People at work often tell me I’m calm in chaos. I go inward under pressure, hyper-focused mode is switched on, and I tune out the noise. I genuinely believe that capacity came from here - from years of starting each day by choosing, intentionally, how I want to feel. Before anyone, or anything else, gets a say.

 

So - why a blog? And why now?

I’ve always been fascinated by how other people begin their days. Not in a nosy way - in a genuinely curious, tell-me-everything kinda way. Especially creatives. Writers, artists, filmmamkers, musicians, painters. The people who show up to make things, to create, day after day, without anyone telling them to. How do they do it? What rituals help them find their way in? What does the first hour look like for someone whose life is built around creating and nurturing their craft?
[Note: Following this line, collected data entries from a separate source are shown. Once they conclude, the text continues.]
(* (a) If $\eta_{ss}$ is smooth and $G$ is the Green function defined by $G_{ss}(s,x)-\lvert\eta_{ss}(s)\rvert^2G(s,x)=-\delta(s-x)$, $G(0,x)=0$, $G_s(1,x)=0$, then $\sup_{0\le s,x\le1}\lvert G_s(s,x)\rvert\le1$ and $\sup_{0<s\le 1,\,0\le x\le1}G(s,x)/s\le1$. (b) Let $n\in\mathbb{N}$, $\eta_1,\dots,\eta_{n+1}\in\mathbb{R}^d$ with $\eta_{n+1}=0$ and $\lvert(\nabla_+\eta)_k\rvert=1$ for $1\le k\le n$, and assume $\alpha_k=\langle(\nabla_+\eta)_{k+1},(\nabla_+\eta)_k\rangle\ge0$ for $1\le k\le n-1$. Let $G_{kj}$ be the discrete Green function $G_{kj}=\frac1n\sum_{i=1}^{\min\{j,k\}}\frac{p_{ij}p_{ik}}{\beta_i}$, $p_{ij}=\prod_{m=i}^{j-1}\frac{\alpha_m}{\beta_{m+1}}$, $\beta_n=1$, $\beta_i=2-\alpha_i^2/\beta_{i+1}$, and set $G_{0j}=0$. Then for all $1\le j,k\le n$: $\lvert n(G_{kj}-G_{k-1,j})\rvert\le1$ and $nG_{kj}/k\le1$.
   Context: $(\nabla_+f)_k=n(f_{k+1}-f_k)$; empty products equal $1$. $\delta$ is the Dirac delta. *)

theory Defs
  imports "HOL-Analysis.Analysis"
begin

definition smooth_with_derivs :: "(nat \<Rightarrow> real \<Rightarrow> 'a::euclidean_space) \<Rightarrow> (real \<Rightarrow> 'a) \<Rightarrow> bool" where
  "smooth_with_derivs D eta \<longleftrightarrow> D 0 = eta \<and>
     (\<forall>k. \<forall>s\<in>{0..1}. (D k has_vector_derivative D (Suc k) s) (at s within {0..1}))"

text \<open>G is the Green function of  G_ss - q G = -delta(s-x), G(0,x)=0, G_s(1,x)=0 on [0,1].\<close>
definition green_fun :: "(real \<Rightarrow> real) \<Rightarrow> (real \<Rightarrow> real \<Rightarrow> real) \<Rightarrow> (real \<Rightarrow> real \<Rightarrow> real)
    \<Rightarrow> (real \<Rightarrow> real \<Rightarrow> real) \<Rightarrow> bool" where
  "green_fun q G GL GR \<longleftrightarrow> (\<forall>x\<in>{0..1}.
     (\<forall>s\<in>{0..x}. ((\<lambda>t. G t x) has_real_derivative GL s x) (at s within {0..x}) \<and>
                 ((\<lambda>t. GL t x) has_real_derivative q s * G s x) (at s within {0..x})) \<and>
     (\<forall>s\<in>{x..1}. ((\<lambda>t. G t x) has_real_derivative GR s x) (at s within {x..1}) \<and>
                 ((\<lambda>t. GR t x) has_real_derivative q s * G s x) (at s within {x..1})) \<and>
     G 0 x = 0 \<and> GR 1 x = 0 \<and> GR x x - GL x x = -1)"

definition dgrad :: "nat \<Rightarrow> (nat \<Rightarrow> 'a::real_vector) \<Rightarrow> nat \<Rightarrow> 'a" where
  "dgrad n f k = real n *\<^sub>R (f (Suc k) - f k)"

definition dalpha :: "nat \<Rightarrow> (nat \<Rightarrow> 'a::real_inner) \<Rightarrow> nat \<Rightarrow> real" where
  "dalpha n eta k = inner (dgrad n eta (Suc k)) (dgrad n eta k)"

text \<open>betaAux al n t = beta_(n-t); beta_n = 1, beta_i = 2 - al_i^2 / beta_(i+1).\<close>
fun betaAux :: "(nat \<Rightarrow> real) \<Rightarrow> nat \<Rightarrow> nat \<Rightarrow> real" where
  "betaAux al n 0 = 1"
| "betaAux al n (Suc t) = 2 - (al (n - Suc t))\<^sup>2 / betaAux al n t"

definition dbeta :: "(nat \<Rightarrow> real) \<Rightarrow> nat \<Rightarrow> nat \<Rightarrow> real" where
  "dbeta al n i = betaAux al n (n - i)"

definition dp :: "(nat \<Rightarrow> real) \<Rightarrow> nat \<Rightarrow> nat \<Rightarrow> nat \<Rightarrow> real" where
  "dp al n i j = (\<Prod>m\<in>{i..<j}. al m / dbeta al n (Suc m))"

definition dgreen :: "(nat \<Rightarrow> real) \<Rightarrow> nat \<Rightarrow> nat \<Rightarrow> nat \<Rightarrow> real" where
  "dgreen al n k j = (if k = 0 then 0 else
     (1 / real n) * (\<Sum>i\<in>{1..min j k}. dp al n i j * dp al n i k / dbeta al n i))"

end

theory Submission
  imports Defs
begin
I’ve had so many conversations with people - friends, clients, people in my community - where they say my morning sounds lovely, and I can hear the longing in it. Not necessarily to wake up at 5:30am (that part is genuinely optional), but to have something that’s theirs. A quiet corner of the day that belongs to them before the rest of it takes over.

This blog is my attempt to explore that - through my own experience, and through conversations with people who inspire me. Over the coming months, I’ll be interviewing creatives and people in my community about their daily morning routines: how they started, what they’ve changed, what they protect. And I want to share those conversations here, as a place for all of us to feel a little more inspired and a little less alone in trying to carve out intentional time for ourselves. A morning routine is not a productivity hack - it’s an act of self-authorship. A small, daily declaration that your inner life matters before the world makes its demands.

It won’t be perfect. It’ll be honest. And I hope it feels a little like meeting a friend for coffee and talking about the things that actually matter :)

Thank you for being here at the beginning. It means more than you know.